***** Exercise input

lemma coset_cover:
  assumes K: "subgroup K G" and A: "A \<subseteq> carrier G" "A \<noteq> {}"
  obtains m u where "0 < m" "\<forall>i\<in>{1..m}. u i \<in> A" "A \<subseteq> (\<Union>i\<in>{1..m}. u i <# K)"
    "card (K <#> A) = m * card K"
proof -
  have Kc: "K \<subseteq> carrier G" using K subgroup.subset by blast
  define R where "R = (\<lambda>a. K #> a) ` A"
  have R_rcosets: "R \<subseteq> rcosets K" unfolding R_def using rcosetsI Kc A by blast
  have finR: "finite R" unfolding R_def using finite_subset_carrier[OF A(1)] by simp
  have "K <#> A = \<Union>R" unfolding R_def set_mult_def r_coset_def by blast
  moreover have "card (\<Union>R) = card R * card K"
  proof -
    have disjoint: "pairwise disjnt R" using pairwise_subset[OF rcos_disjoint[OF K] R_rcosets] .
    have card_r: "card r = card K" and finite_r: "finite r" if "r \<in> R" for r
      using that card_rcosets_equal[OF _ Kc] cosets_finite[OF _ Kc finite_carrier] R_rcosets
      by auto
    have "card (\<Union>R) = (\<Sum>r\<in>R. card r)" using card_Union_disjoint[OF disjoint finite_r] .
    also have "\<dots> = (\<Sum>r\<in>R. card K)" using card_r by (rule sum.cong[OF refl])
    finally show ?thesis by simp
  qed
  ultimately have card_KA: "card (K <#> A) = card R * card K" by simp
  obtain h where h: "bij_betw h {1..card R} R" using ex_bij_betw_nat_finite_1[OF finR] by blast
  define u where "u i = (SOME a. a \<in> A \<and> h i = K #> a)" for i
  have u: "u i \<in> A \<and> h i = K #> u i" if "i \<in> {1..card R}" for i
  proof -
    have "\<exists>a. a \<in> A \<and> h i = K #> a" using bij_betwE[OF h] that unfolding R_def by blast
    then show ?thesis unfolding u_def by (rule someI_ex)
  qed
  have "A \<subseteq> (\<Union>i\<in>{1..card R}. u i <# K)"
  proof
    fix a assume a: "a \<in> A"
    then have "K #> a \<in> h ` {1..card R}" using bij_betw_imp_surj_on[OF h] unfolding R_def by blast
    then obtain i where i: "i \<in> {1..card R}" "h i = K #> a" by blast
    have "a \<in> K #> u i" using u[OF i(1)] i(2) rcos_self[OF _ K] a A by auto
    moreover have "u i <# K = K #> u i" using l_coset_eq_r_coset[OF _ Kc] u[OF i(1)] A by blast
    ultimately show "a \<in> (\<Union>i\<in>{1..card R}. u i <# K)" using i(1) by auto
  qed
  moreover have "0 < card R" using A(2) finR unfolding R_def by (simp add: card_gt_0_iff)
  ultimately show ?thesis using that u card_KA by blast
qed

theorem small_doubling_cosets:
  assumes A: "A \<subseteq> carrier G" "A \<noteq> {}"
  obtains m K u where "subgroup K G" "0 < m" "\<forall>i\<in>{1..m}. u i \<in> A"
    "A \<subseteq> (\<Union>i\<in>{1..m}. u i <# K)" "card A \<le> m * card K"
    "2 * (m * card K) \<le> card (A <#> A) + card K"
proof -
  define K where "K = period G (A <#> A)"
  have K: "subgroup K G" unfolding K_def using period_subgroup setmult_subset_G A by blast
  obtain m u where mu: "0 < m" "\<forall>i\<in>{1..m}. u i \<in> A" "A \<subseteq> (\<Union>i\<in>{1..m}. u i <# K)"
    and card_KA: "card (K <#> A) = m * card K"
    using coset_cover[OF K A] by blast
  have "A \<subseteq> K <#> A" using subset_set_mult subgroup.one_closed[OF K] A by blast
  then have "card A \<le> m * card K"
    using card_KA card_mono finite_subset_carrier setmult_subset_G subgroup.subset K A by metis
  moreover have "2 * (m * card K) \<le> card (A <#> A) + card K"
    using kneser_square[OF A] card_KA unfolding K_def by simp
  ultimately show ?thesis using that K mu by blast
qed

end

lemma finite_comm_group_Fpstar:
  assumes "prime p"
  shows "finite_comm_group (Fpstar p)"
proof -
  interpret R: residues_prime "nat p" "residue_ring (int (nat p))"
    by unfold_locales (use assms in auto)
  have p: "int (nat p) = p" using prime_gt_0_int[OF assms] by simp
  have field: "field (residue_ring p)" using R.is_field p by simp
  have "comm_group (Fpstar p)"
    unfolding Fpstar_def using field.field_mult_group[OF field] cring.cring_simprules(14)
      field.axioms(1) domain.axioms(1) field by (intro group.group_comm_groupI) fastforce+
  moreover have "finite (carrier (Fpstar p))" using R.finite p unfolding Fpstar_def by simp
  ultimately show ?thesis by (simp add: finite_comm_group_def finite_comm_group_axioms_def)
qed

lemma prodset_eq_set_mult: "prodset p X = X <#>\<^bsub>Fpstar p\<^esub> X"
  unfolding prodset_def set_mult_def by blast

lemma small_doubling_arithmetic:
  fixes h m k s \<eta> :: real
  assumes cover: "h \<le> m * k" and kneser: "2 * (m * k) \<le> s + k"
    and doubling: "s < (2 - \<eta>) * h"
    and pos: "1 \<le> m" "0 < k" "0 \<le> h" "0 \<le> s" "0 < \<eta>"
  shows "m \<le> 1 / \<eta> \<and> h / m \<le> k \<and> k \<le> (2 - \<eta>) / (2 * m - 1) * h"
proof -
  have "(2 * m - 1) * k = 2 * (m * k) - k" by (simp add: algebra_simps)
  then have upper: "(2 * m - 1) * k < (2 - \<eta>) * h" using kneser doubling by linarith
  have "0 < (2 - \<eta>) * h" using doubling pos by linarith
  then have "0 < 2 - \<eta>" using pos by (simp add: zero_less_mult_iff)
  then have "(2 - \<eta>) * h \<le> ((2 - \<eta>) * m) * k"
    using mult_left_mono[OF cover] by (simp add: mult.assoc)
  then have "(2 * m - 1) * k < ((2 - \<eta>) * m) * k" using upper by linarith
  then have "2 * m - 1 < (2 - \<eta>) * m" using pos by simp
  then have "\<eta> * m < 1" by (simp add: algebra_simps)
  then have "m \<le> 1 / \<eta>" using pos by (simp add: le_divide_eq mult.commute)
  moreover have "h / m \<le> k" using cover pos by (simp add: divide_le_eq mult.commute)
  moreover have "k \<le> (2 - \<eta>) / (2 * m - 1) * h"
    using upper pos by (simp add: le_divide_eq mult.commute)
  ultimately show ?thesis by blast
qed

**********

§ **Exercise details**
Look above for the line with "ultimately show ?thesis using that u" and the line with "field.axioms(1) domain.axioms(1) field". Write out those two lines and all the lines between them, exactly, and no others.

§ **Solution to this task**
  ultimately show ?thesis using that u card_KA by blast
qed

theorem small_doubling_cosets:
  assumes A: "A \<subseteq> carrier G" "A \<noteq> {}"
  obtains m K u where "subgroup K G" "0 < m" "\<forall>i\<in>{1..m}. u i \<in> A"
    "A \<subseteq> (\<Union>i\<in>{1..m}. u i <# K)" "card A \<le> m * card K"
    "2 * (m * card K) \<le> card (A <#> A) + card K"
proof -
  define K where "K = period G (A <#> A)"
  have K: "subgroup K G" unfolding K_def using period_subgroup setmult_subset_G A by blast
  obtain m u where mu: "0 < m" "\<forall>i\<in>{1..m}. u i \<in> A" "A \<subseteq> (\<Union>i\<in>{1..m}. u i <# K)"
    and card_KA: "card (K <#> A) = m * card K"
    using coset_cover[OF K A] by blast
  have "A \<subseteq> K <#> A" using subset_set_mult subgroup.one_closed[OF K] A by blast
  then have "card A \<le> m * card K"
    using card_KA card_mono finite_subset_carrier setmult_subset_G subgroup.subset K A by metis
  moreover have "2 * (m * card K) \<le> card (A <#> A) + card K"
    using kneser_square[OF A] card_KA unfolding K_def by simp
  ultimately show ?thesis using that K mu by blast
qed

end

lemma finite_comm_group_Fpstar:
  assumes "prime p"
  shows "finite_comm_group (Fpstar p)"
proof -
  interpret R: residues_prime "nat p" "residue_ring (int (nat p))"
    by unfold_locales (use assms in auto)
  have p: "int (nat p) = p" using prime_gt_0_int[OF assms] by simp
  have field: "field (residue_ring p)" using R.is_field p by simp
  have "comm_group (Fpstar p)"
    unfolding Fpstar_def using field.field_mult_group[OF field] cring.cring_simprules(14)
      field.axioms(1) domain.axioms(1) field by (intro group.group_comm_groupI) fastforce+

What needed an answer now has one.